Paul Hague has this week been contemplating whether, after some 40 years in the market research industry, he can truly call himself a master in his chosen profession?

I used to work with a marketing trainer who introduced his session by saying “Most of the fundamentals of marketing I can teach you in three days – but it will take you a lifetime to master”.  

I was reminded of this homily recently when I heard an interview with Malcolm Gladwell, the author of best selling management books Blink and Tipping Point.  This academic and guru claimed that you must spend 10,000 hours honing your skills if you want to be a success at anything.

He backs up his theory by citing sports stars such as Boris Becker, Jonny Wilkinson, Tiger Woods and the Williams sisters, who have all become world-beaters because of the obsessive devotion they have shown to their game since childhood.
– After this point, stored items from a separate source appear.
(* Let $m\in\mathcal{P}(\mathcal{S})$ be such that $Q^d(m)$ is irreducible for all $d\in D^s$, and let $\mathcal{D}(m)=\{d_1,\dots,d_n\}$. For each $k$, let $x^{d_k}(m)$ be the unique $x\in\mathcal{P}(\mathcal{S})$ with $0=\sum_{i\in\mathcal{S}}\sum_{a\in\mathcal{A}}x_iQ_{ija}(m)(d_k)_{ia}$ for all $j\in\mathcal{S}$. Then $$\phi(m)=\operatorname{conv}\big(x^{d_1}(m),\dots,x^{d_n}(m)\big).$$
   Context: Setting: $\mathcal{S}=\{1,\dots,S\}$ ($S>1$), $\mathcal{A}=\{1,\dots,A\}$; for each $a$, $m$, $(Q_{ija}(m))_{i,j}$ is a conservative generator (off-diagonal $\ge 0$, zero row sums); $m\mapsto Q_{ija}(m)$ Lipschitz, $m\mapsto r_{ia}(m)$ continuous; $\beta\in(0,1)$. $\Pi^s$: stationary strategies (matrices $(\pi_{ia})$ with rows in $\mathcal{P}(\mathcal{A})$); $D^s$: deterministic stationary strategies, identified with maps $d:\mathcal{S}\to\mathcal{A}$ via $d_{ia}=\mathbf{1}[a=d(i)]$. $Q^\pi(m)_{ij}=\sum_aQ_{ija}(m)\pi_{ia}$. $V^\ast(m)$: value function of the continuous-time MDP with rates $Q_{ija}(m)$, rewards $r_{ia}(m)$, discount rate $\beta$. $O_i(m)=\operatorname{argmax}_{a}\{r_{ia}(m)+\sum_jQ_{ija}(m)V^\ast_j(m)\}$, $\mathcal{D}(m)=\{d:\mathcal{S}\to\mathcal{A}: d(i)\in O_i(m)\ \forall i\}$. Best-response map: $\phi(m)=\{x\in\mathcal{P}(\mathcal{S}):\exists\,\pi\in\operatorname{conv}(\mathcal{D}(m)),\ x^TQ^\pi(m)=0\}$. Irreducible: the directed graph with edges $i\to j$ ($i\ne j$) where the entry is positive is strongly connected. *)

theory Defs
  imports "HOL-Analysis.Analysis"
begin

text \<open>States are a finite type 's, actions a finite type 'a.
  Distributions over states / mean-field states m are vectors in real^'s.
  Q m i j a is Q_{ija}(m); r m i a is r_{ia}(m).\<close>

definition Pdist :: "(real^'n) set" where
  "Pdist = {x. (\<forall>i. 0 \<le> x$i) \<and> (\<Sum>i\<in>UNIV. x$i) = 1}"

definition conservative :: "('s \<Rightarrow> 's \<Rightarrow> real) \<Rightarrow> bool" where
  "conservative G \<longleftrightarrow> (\<forall>i j. i \<noteq> j \<longrightarrow> 0 \<le> G i j) \<and> (\<forall>i. (\<Sum>j\<in>UNIV. G i j) = 0)"

definition stat_strategies :: "(real^'a^'s) set" where
  "stat_strategies = {\<pi>. \<forall>i. \<pi>$i \<in> Pdist}"

definition det_mat :: "('s \<Rightarrow> 'a) \<Rightarrow> real^'a^'s" where
  "det_mat d = (\<chi> i. \<chi> a. if a = d i then 1 else 0)"

definition Qpol :: "(real^'s \<Rightarrow> 's \<Rightarrow> 's \<Rightarrow> 'a::finite \<Rightarrow> real) \<Rightarrow> real^'s \<Rightarrow> real^'a^'s \<Rightarrow> 's \<Rightarrow> 's \<Rightarrow> real" where
  "Qpol Q m \<pi> i j = (\<Sum>a\<in>UNIV. Q m i j a * \<pi>$i$a)"

definition irreducible :: "('s \<Rightarrow> 's \<Rightarrow> real) \<Rightarrow> bool" where
  "irreducible G \<longleftrightarrow> (\<forall>i j. (i, j) \<in> {(k, l). k \<noteq> l \<and> 0 < G k l}\<^sup>*)"

text \<open>Optimal value function, characterised as the solution of the
  Hamilton-Jacobi-Bellman (optimality) equation of the discounted
  continuous-time MDP: beta V_i = max_a (r_ia + sum_j Q_ija V_j).\<close>
definition Vstar :: "(real^'s \<Rightarrow> 's::finite \<Rightarrow> 's \<Rightarrow> 'a::finite \<Rightarrow> real) \<Rightarrow> (real^'s \<Rightarrow> 's \<Rightarrow> 'a \<Rightarrow> real)
     \<Rightarrow> real \<Rightarrow> real^'s \<Rightarrow> 's \<Rightarrow> real" where
  "Vstar Q r \<beta> m = (THE V. \<forall>i. \<beta> * V i = Max (range (\<lambda>a. r m i a + (\<Sum>j\<in>UNIV. Q m i j a * V j))))"

definition Oset :: "(real^'s \<Rightarrow> 's::finite \<Rightarrow> 's \<Rightarrow> 'a::finite \<Rightarrow> real) \<Rightarrow> (real^'s \<Rightarrow> 's \<Rightarrow> 'a \<Rightarrow> real)
     \<Rightarrow> real \<Rightarrow> real^'s \<Rightarrow> 's \<Rightarrow> 'a set" where
  "Oset Q r \<beta> m i = {a. \<forall>b. r m i b + (\<Sum>j\<in>UNIV. Q m i j b * Vstar Q r \<beta> m j)
                          \<le> r m i a + (\<Sum>j\<in>UNIV. Q m i j a * Vstar Q r \<beta> m j)}"

definition Dopt :: "(real^'s \<Rightarrow> 's::finite \<Rightarrow> 's \<Rightarrow> 'a::finite \<Rightarrow> real) \<Rightarrow> (real^'s \<Rightarrow> 's \<Rightarrow> 'a \<Rightarrow> real)
     \<Rightarrow> real \<Rightarrow> real^'s \<Rightarrow> ('s \<Rightarrow> 'a) set" where
  "Dopt Q r \<beta> m = {d. \<forall>i. d i \<in> Oset Q r \<beta> m i}"

definition phi :: "(real^'s \<Rightarrow> 's::finite \<Rightarrow> 's \<Rightarrow> 'a::finite \<Rightarrow> real) \<Rightarrow> (real^'s \<Rightarrow> 's \<Rightarrow> 'a \<Rightarrow> real)
     \<Rightarrow> real \<Rightarrow> real^'s \<Rightarrow> (real^'s) set" where
  "phi Q r \<beta> m = {x \<in> Pdist. \<exists>\<pi> \<in> convex hull (det_mat ` Dopt Q r \<beta> m).
                      \<forall>j. (\<Sum>i\<in>UNIV. x$i * Qpol Q m \<pi> i j) = 0}"

text \<open>x^d(m): the (unique under irreducibility) stationary distribution of Q^d(m).\<close>
definition xdet :: "(real^'s \<Rightarrow> 's::finite \<Rightarrow> 's \<Rightarrow> 'a::finite \<Rightarrow> real) \<Rightarrow> real^'s \<Rightarrow> ('s \<Rightarrow> 'a) \<Rightarrow> real^'s" where
  "xdet Q m d = (THE x. x \<in> Pdist \<and>
      (\<forall>j. (\<Sum>i\<in>UNIV. \<Sum>a\<in>UNIV. x$i * Q m i j a * det_mat d $i$a) = 0))"

end

theory Submission
  imports Defs
begin

text \<open>Irreducibility makes the stationary distribution x(pi) of every stationary policy pi
  unique and positive. Let x_a be the stationary distribution when pi is changed to play
  action a at a single state i. The generators differ only in row i, where Q^pi is the
  pi_ia-mixture of theirs, so sum_a (pi_ia / x_a,i) x_a is stationary for pi: after
  normalisation, x(pi) is a convex combination of the x_a. Derandomising one state at a time
  puts x(pi) into the convex hull of the stationary distributions of deterministic policies
  with the same action sets. Conversely, the stationary distributions of policies with
  prescribed action sets form a convex set, because stationarity depends only on the
  occupation measure x_i pi_ia, which can be mixed.\<close>

section \<open>Stationary distributions of generators\<close>

definition stationary :: "('s::finite \<Rightarrow> 's \<Rightarrow> real) \<Rightarrow> real^'s \<Rightarrow> bool" where
  "stationary G x \<longleftrightarrow> (\<forall>j. (\<Sum>i\<in>UNIV. x$i * G i j) = 0)"

definition stationary_dist :: "('s::finite \<Rightarrow> 's \<Rightarrow> real) \<Rightarrow> real^'s" where
  "stationary_dist G = (THE x. x \<in> Pdist \<and> stationary G x)"

lemma stationary_scaleR: "stationary G x \<Longrightarrow> stationary G (c *\<^sub>R x)"
  by (simp add: stationary_def mult.assoc flip: sum_distrib_left)

lemma stationary_diff: "stationary G x \<Longrightarrow> stationary G y \<Longrightarrow> stationary G (x - y)"
  by (simp add: stationary_def left_diff_distrib sum_subtractf)

lemma Pdist_le_1:
  assumes "x \<in> Pdist" shows "x$i \<le> 1"
proof -
  have "x$i \<le> (\<Sum>j\<in>UNIV. x$j)"
    by (rule member_le_sum) (use assms in \<open>auto simp: Pdist_def\<close>)
  then show ?thesis using assms by (simp add: Pdist_def)
qed

lemma compact_Pdist: "compact (Pdist :: (real^'n::finite) set)"
  unfolding compact_eq_bounded_closed
proof
  have "Pdist \<subseteq> cbox (0::real^'n) (\<chi> i. 1)"
    by (auto simp: mem_box_cart Pdist_le_1) (simp add: Pdist_def)
  then show "bounded (Pdist :: (real^'n) set)"
    using bounded_cbox bounded_subset by blast
  have "Pdist = {x::real^'n. \<forall>i. 0 \<le> x$i} \<inter> {x. (\<Sum>i\<in>UNIV. x$i) = 1}"
    by (auto simp: Pdist_def)
  moreover have "closed {x::real^'n. \<forall>i. 0 \<le> x$i}"
    by (simp add: closed_Collect_all closed_Collect_le continuous_on_component)
  moreover have "closed {x::real^'n. (\<Sum>i\<in>UNIV. x$i) = 1}"
    by (intro closed_Collect_eq continuous_intros)
  ultimately show "closed (Pdist :: (real^'n) set)" by (metis closed_Int)
qed

lemma convex_Pdist: "convex (Pdist :: (real^'n::finite) set)"
  unfolding convex_def Pdist_def
  by (auto simp: sum.distrib simp flip: sum_distrib_left)

lemma Pdist_nonempty: "(Pdist :: (real^'n::finite) set) \<noteq> {}"
proof -
  have "axis undefined 1 \<in> (Pdist :: (real^'n) set)"
    by (simp add: Pdist_def axis_def)
  then show ?thesis by blast
qed

text \<open>Brouwer's theorem applied to the step x \<mapsto> x + x G / c of the uniformised chain,
  which maps Pdist into itself once c bounds the exit rates.\<close>
lemma stationary_exists:
  fixes G :: "'s::finite \<Rightarrow> 's \<Rightarrow> real"
  assumes cons: "conservative G"
  shows "\<exists>x\<in>Pdist. stationary G x"
proof -
  define c where "c = 1 + (\<Sum>i\<in>UNIV. \<bar>G i i\<bar>)"
  have c_pos: "0 < c" unfolding c_def by (simp add: add_pos_nonneg sum_nonneg)
  have c_ge: "\<bar>G j j\<bar> \<le> c" for j
    using member_le_sum[of j UNIV "\<lambda>i. \<bar>G i i\<bar>"] by (simp add: c_def)
  define f where "f x = x + (1/c) *\<^sub>R (\<chi> j. \<Sum>i\<in>UNIV. x$i * G i j)" for x :: "real^'s"
  have "continuous_on Pdist f"
    unfolding f_def by (intro continuous_intros continuous_on_vec_lambda)
  moreover have "f \<in> Pdist \<rightarrow> Pdist"
  proof
    fix x :: "real^'s" assume x: "x \<in> Pdist"
    have "0 \<le> f x $ j" for j
    proof -
      have "f x $ j = x$j * (1 + G j j / c) + (1/c) * (\<Sum>i\<in>UNIV-{j}. x$i * G i j)"
        by (simp add: f_def sum.remove[of UNIV j] algebra_simps)
      moreover have "0 \<le> 1 + G j j / c" using c_ge[of j] c_pos by (simp add: abs_le_iff field_simps)
      moreover have "0 \<le> (\<Sum>i\<in>UNIV-{j}. x$i * G i j)"
        using x cons by (intro sum_nonneg) (auto simp: Pdist_def conservative_def)
      ultimately show ?thesis using x c_pos by (simp add: Pdist_def)
    qed
    moreover have "(\<Sum>j\<in>UNIV. \<Sum>i\<in>UNIV. x$i * G i j) = 0"
      using cons by (subst sum.swap) (simp add: conservative_def flip: sum_distrib_left)
    then have "(\<Sum>j\<in>UNIV. f x $ j) = (\<Sum>j\<in>UNIV. x$j)"
      by (simp add: f_def sum.distrib flip: sum_divide_distrib)
    ultimately show "f x \<in> Pdist" using x by (simp add: Pdist_def)
  qed
  ultimately obtain x where x: "x \<in> Pdist" and "f x = x"
    using brouwer[OF compact_Pdist convex_Pdist Pdist_nonempty] by blast
  then have "(\<chi> j. \<Sum>i\<in>UNIV. x$i * G i j) = 0" using c_pos by (simp add: f_def)
  then show ?thesis using x by (auto simp: stationary_def vec_eq_iff)
qed
(* Define $\mathcal F_c(b):=P_c\mathcal F(b)$ for $b\in\mathcal N$. Fix $e\in\mathcal N$ with $\|e\|=1$, so that $\mathcal N=\mathrm{span}\{e\}$ is identified with $\mathbb R$ via $\xi\mapsto\xi e$. Then $\mathcal F_c$ is a stable cubic on $\mathcal N\cong\mathbb R$: there is a constant $C>0$ such that $\mathcal F_c(\xi e)=-C\xi^3e$ for all $\xi\in\mathbb R$.
   Context: $\mathcal H$ is a separable real Hilbert space. $A$ is a symmetric, non-positive linear operator on $\mathcal H$ generating a compact analytic semigroup. It has a one-dimensional kernel $\mathcal N$, and $P_c$ denotes the orthogonal projection onto $\mathcal N$. For $\alpha\ge0$, $\mathcal H^\alpha=D((1-A)^\alpha)$. $X$ is a Banach space with continuous dense embeddings $\mathcal H^\alpha\subset X\subset\mathcal H$ for some $\alpha\in(0,1/2)$. $\mathcal F:X\to X^*\subset\mathcal H^{-\alpha}$ is cubic, i.e. $\mathcal F(u)=\mathcal F(u,u,u)$ for a trilinear map, and there is $c>0$ with $\langle\mathcal F(u)-\mathcal F(v),u-v\rangle\le -c\|u-v\|_X^4$ for all $u,v\in X$. *)

theory Defs
  imports "HOL-Analysis.Analysis"
begin

definition C0_semigroup :: "(real \<Rightarrow> 'h::real_normed_vector \<Rightarrow> 'h) \<Rightarrow> bool" where
  "C0_semigroup S \<longleftrightarrow>
     (\<forall>t\<ge>0. bounded_linear (S t)) \<and> S 0 = id \<and>
     (\<forall>t\<ge>0. \<forall>s\<ge>0. S (t + s) = S t \<circ> S s) \<and>
     (\<forall>x. ((\<lambda>t. S t x) \<longlongrightarrow> x) (at_right 0))"

definition generator_of :: "('h::real_normed_vector \<Rightarrow> 'h) \<Rightarrow> 'h set \<Rightarrow> (real \<Rightarrow> 'h \<Rightarrow> 'h) \<Rightarrow> bool" where
  "generator_of A D S \<longleftrightarrow>
     D = {x. \<exists>y. ((\<lambda>t. (1 / t) *\<^sub>R (S t x - x)) \<longlongrightarrow> y) (at_right 0)} \<and>
     (\<forall>x\<in>D. ((\<lambda>t. (1 / t) *\<^sub>R (S t x - x)) \<longlongrightarrow> A x) (at_right 0))"

definition compact_semigroup :: "(real \<Rightarrow> 'h::real_normed_vector \<Rightarrow> 'h) \<Rightarrow> bool" where
  "compact_semigroup S \<longleftrightarrow> (\<forall>t>0. compact (closure (S t ` ball 0 1)))"

text \<open>Analytic semigroup with generator (A, D), via the standard characterization
  S t maps into D for t > 0 and the norm of A S t is O(1/t) as t tends to 0 from the right.\<close>
definition analytic_semigroup :: "('h::real_normed_vector \<Rightarrow> 'h) \<Rightarrow> 'h set \<Rightarrow> (real \<Rightarrow> 'h \<Rightarrow> 'h) \<Rightarrow> bool" where
  "analytic_semigroup A D S \<longleftrightarrow>
     (\<forall>t>0. range (S t) \<subseteq> D) \<and>
     (\<exists>M. \<forall>t\<in>{0<..1}. \<forall>x. norm (A (S t x)) \<le> M / t * norm x)"

definition generates_compact_analytic_semigroup ::
    "('h::real_normed_vector \<Rightarrow> 'h) \<Rightarrow> 'h set \<Rightarrow> (real \<Rightarrow> 'h \<Rightarrow> 'h) \<Rightarrow> bool" where
  "generates_compact_analytic_semigroup A D S \<longleftrightarrow>
     C0_semigroup S \<and> generator_of A D S \<and> compact_semigroup S \<and> analytic_semigroup A D S"

text \<open>Negative fractional power (1 - A) to the power -alpha, via the Gamma-integral formula
  (1-A)^(-alpha) y = 1/Gamma(alpha) * integral over (0,inf) of t^(alpha-1) e^(-t) S(t) y dt.
  The space H^alpha = D((1-A)^alpha) is its range, with norm of u = J y equal to norm y.\<close>
definition neg_frac_power :: "(real \<Rightarrow> 'h::real_normed_vector \<Rightarrow> 'h) \<Rightarrow> real \<Rightarrow> 'h \<Rightarrow> 'h" where
  "neg_frac_power S \<alpha> y =
     (1 / Gamma \<alpha>) *\<^sub>R integral {0<..} (\<lambda>t. (t powr (\<alpha> - 1) * exp (- t)) *\<^sub>R S t y)"

definition norm_on :: "'h::real_vector set \<Rightarrow> ('h \<Rightarrow> real) \<Rightarrow> bool" where
  "norm_on X nX \<longleftrightarrow> subspace X \<and>
     (\<forall>x\<in>X. nX x \<ge> 0 \<and> (nX x = 0 \<longleftrightarrow> x = 0)) \<and>
     (\<forall>x\<in>X. \<forall>a. nX (a *\<^sub>R x) = \<bar>a\<bar> * nX x) \<and>
     (\<forall>x\<in>X. \<forall>y\<in>X. nX (x + y) \<le> nX x + nX y)"

definition complete_wrt :: "'h::real_vector set \<Rightarrow> ('h \<Rightarrow> real) \<Rightarrow> bool" where
  "complete_wrt X nX \<longleftrightarrow>
     (\<forall>f. (\<forall>n. f n \<in> X) \<longrightarrow> (\<forall>\<epsilon>>0. \<exists>N. \<forall>m\<ge>N. \<forall>n\<ge>N. nX (f m - f n) < \<epsilon>) \<longrightarrow>
        (\<exists>x\<in>X. (\<lambda>n. nX (f n - x)) \<longlonglongrightarrow> 0))"

definition in_dual :: "'h::real_vector set \<Rightarrow> ('h \<Rightarrow> real) \<Rightarrow> ('h \<Rightarrow> real) \<Rightarrow> bool" where
  "in_dual X nX \<phi> \<longleftrightarrow>
     (\<forall>x\<in>X. \<forall>y\<in>X. \<forall>a b. \<phi> (a *\<^sub>R x + b *\<^sub>R y) = a * \<phi> x + b * \<phi> y) \<and>
     (\<exists>K. \<forall>x\<in>X. \<bar>\<phi> x\<bar> \<le> K * nX x)"

definition orth_proj :: "'h::real_inner set \<Rightarrow> 'h \<Rightarrow> 'h" where
  "orth_proj N h = (THE p. p \<in> N \<and> (\<forall>y\<in>N. (h - p) \<bullet> y = 0))"

text \<open>Extension of the orthogonal projection onto N to functionals (elements of X*, a subspace
  of H^(-alpha)) by duality: P phi is the element n of N with n . h = phi (P h) for all h.\<close>
definition orth_proj_dual :: "'h::real_inner set \<Rightarrow> ('h \<Rightarrow> real) \<Rightarrow> 'h" where
  "orth_proj_dual N \<phi> = (THE n. n \<in> N \<and> (\<forall>h. n \<bullet> h = \<phi> (orth_proj N h)))"

end

theory Submission
  imports Defs
begin

text \<open>The semigroup commutes with its generator, so it maps the kernel of A into itself. The kernel
  being the line through e, S t e = \<mu>(t) e with a scalar \<mu> that is multiplicative in t and has
  right derivative A e \<bullet> e = 0 at 0; such a \<mu> is constantly 1. Hence S fixes e, and so does the
  Gamma-integral defining (1 - A) to the power -\<alpha>; thus e lies in X. On the line through e the
  trilinear form gives F(\<xi> e)(\<eta> e) = \<xi>^3 \<eta> T(e,e,e,e), and dissipativity tested against v = 0
  forces T(e,e,e,e) \<le> -c nX(e)^4 < 0.\<close>

lemma abs_power_minus_one_le:
  fixes a :: real
  shows "\<bar>a ^ n - 1\<bar> \<le> (1 + \<bar>a - 1\<bar>) ^ n - 1"
proof (induction n)
  case 0
  then show ?case by simp
next
  case (Suc n)
  have "a ^ Suc n - 1 = a * (a ^ n - 1) + (a - 1)"
    by (simp add: algebra_simps)
  then have "\<bar>a ^ Suc n - 1\<bar> \<le> \<bar>a\<bar> * \<bar>a ^ n - 1\<bar> + \<bar>a - 1\<bar>"
    by (metis abs_mult abs_triangle_ineq)
  also have "\<dots> \<le> (1 + \<bar>a - 1\<bar>) * ((1 + \<bar>a - 1\<bar>) ^ n - 1) + \<bar>a - 1\<bar>"
    by (intro add_right_mono mult_mono Suc.IH) auto
  also have "\<dots> = (1 + \<bar>a - 1\<bar>) ^ Suc n - 1"
    by (simp add: algebra_simps)
  finally show ?case .
qed

lemma multiplicative_right_deriv_zero_eq_one:
  fixes f :: "real \<Rightarrow> real"
  assumes mult: "\<And>s t. 0 \<le> s \<Longrightarrow> 0 \<le> t \<Longrightarrow> f (s + t) = f s * f t"
    and deriv: "((\<lambda>h. (f h - 1) / h) \<longlongrightarrow> 0) (at_right 0)"
    and t: "0 < t"
  shows "f t = 1"
proof -
  have power: "f (real n * h) = f h ^ n" if "0 \<le> h" "0 < n" for n h
    using \<open>0 < n\<close>
  proof (induction n rule: nat_induct_non_zero)
    case (Suc n)
    have "real (Suc n) * h = h + real n * h"
      by (simp add: algebra_simps)
    with Suc.IH show ?case
      using mult[of h "real n * h"] that(1) by simp
  qed simp
  have bound: "\<bar>f t - 1\<bar> \<le> exp (\<epsilon> * t) - 1" if "0 < \<epsilon>" for \<epsilon>
  proof -
    obtain \<delta> where "0 < \<delta>" and \<delta>: "\<And>h. 0 < h \<Longrightarrow> h < \<delta> \<Longrightarrow> \<bar>(f h - 1) / h\<bar> < \<epsilon>"
      using tendstoD[OF deriv \<open>0 < \<epsilon>\<close>] unfolding eventually_at_right_field by auto
    obtain n :: nat where n: "t / \<delta> < real n"
      using reals_Archimedean2 by blast
    then have "0 < n"
      using t \<open>0 < \<delta>\<close> by (metis divide_pos_pos gr0I of_nat_0 order_less_asym)
    define h where "h = t / real n"
    have "0 < h" "h < \<delta>"
      using \<open>0 < n\<close> t n \<open>0 < \<delta>\<close> by (auto simp: h_def field_simps)
    then have "\<bar>f h - 1\<bar> < \<epsilon> * h"
      using \<delta>[of h] by (simp add: abs_divide divide_less_eq)
    then have "\<bar>f h - 1\<bar> \<le> \<epsilon> * t / real n"
      by (simp add: h_def)
    have "f t = f h ^ n"
      using power[of h n] \<open>0 < h\<close> \<open>0 < n\<close> by (simp add: h_def)
    then have "\<bar>f t - 1\<bar> \<le> (1 + \<bar>f h - 1\<bar>) ^ n - 1"
      using abs_power_minus_one_le by simp
    also have "\<dots> \<le> (1 + \<epsilon> * t / real n) ^ n - 1"
      using \<open>\<bar>f h - 1\<bar> \<le> \<epsilon> * t / real n\<close> by (simp add: power_mono)
    also have "\<dots> \<le> exp (\<epsilon> * t) - 1"
      using exp_ge_one_plus_x_over_n_power_n[of n "\<epsilon> * t"] mult_pos_pos[OF \<open>0 < \<epsilon>\<close> t] \<open>0 < n\<close>
      by simp
    finally show ?thesis .
  qed
  have "((\<lambda>\<epsilon>. exp (\<epsilon> * t) - 1) \<longlongrightarrow> exp (0 * t) - 1) (at_right (0::real))"
    by (intro tendsto_intros)
  then have "\<bar>f t - 1\<bar> \<le> exp (0 * t) - 1"
    by (rule tendsto_lowerbound) (auto intro: eventually_mono[OF eventually_at_right_less] bound)
  then show ?thesis
    by simp
qed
In his new book Outliers: The Story of Success, Gladwell says that if you examine the greatest athletes, entrepreneurs, musicians and scientists, you will notice they only emerged after spending at least three hours a day for ten years practicing.

He claims that the principle holds everywhere.  You can’t become a grand chess master without your 10,000 hours of homework; you need to start playing the piano at 4 if you want to début in Carnegie Hall at 15, and so on.

Of course, innate ability, work ethic, the age you start to learn and a good dose of luck all play a role, but it is the repetitive practicing of the craft that gives you mastery.

This got me thinking about market research and how long it takes to master our craft.  There are no formal apprenticeships in this job, most people fall into it and if they like it they stay, sometimes for only a few years before moving on, usually into some broader field of marketing.  Assuming that there are 200 working days in the year and we have our heads down grafting for seven hours each of those days, this means there are 1,400 working hours in a year so we should reach mastery of our craft in around seven years by applying the 10,000 hour rule. 

Of course, every hour of every day is not spent on pure market research.  In this job we spend a good deal of time solving logistical problems.  However, Gladwell has a point; it probably does take us around seven years before we have seen a wide variety of different market research problems and become good at solving them.

And where does that leave someone like me?  With 40 years spent on the front line of market research, all of them at a frenetic pace, managing and doing the work, it ought to mean that I am the Yehudi Menuhin of the business.  I have done my 10,000 hours five or six times over. 

The trouble is, it doesn’t feel like it.  Every job seems more and more challenging.  This is no bad thing – in fact, it is this adrenalin rush you get from the job that has kept me interested over the years.  Certainly past experiences are helpful in giving us hints and wrinkles that we can use, but there is nearly always a new learning in every job – something that you hadn’t anticipated or that surprises you.  And whereas for a footballer the goalposts always do remain 24 feet apart, in market research they are always changing.  More emerging countries to research, more new techniques to apply, more to learn about e-research, another new software programme to master.  So, buckle down Paul, you are not there yet – there are still 9,999 hours to go.  Phew!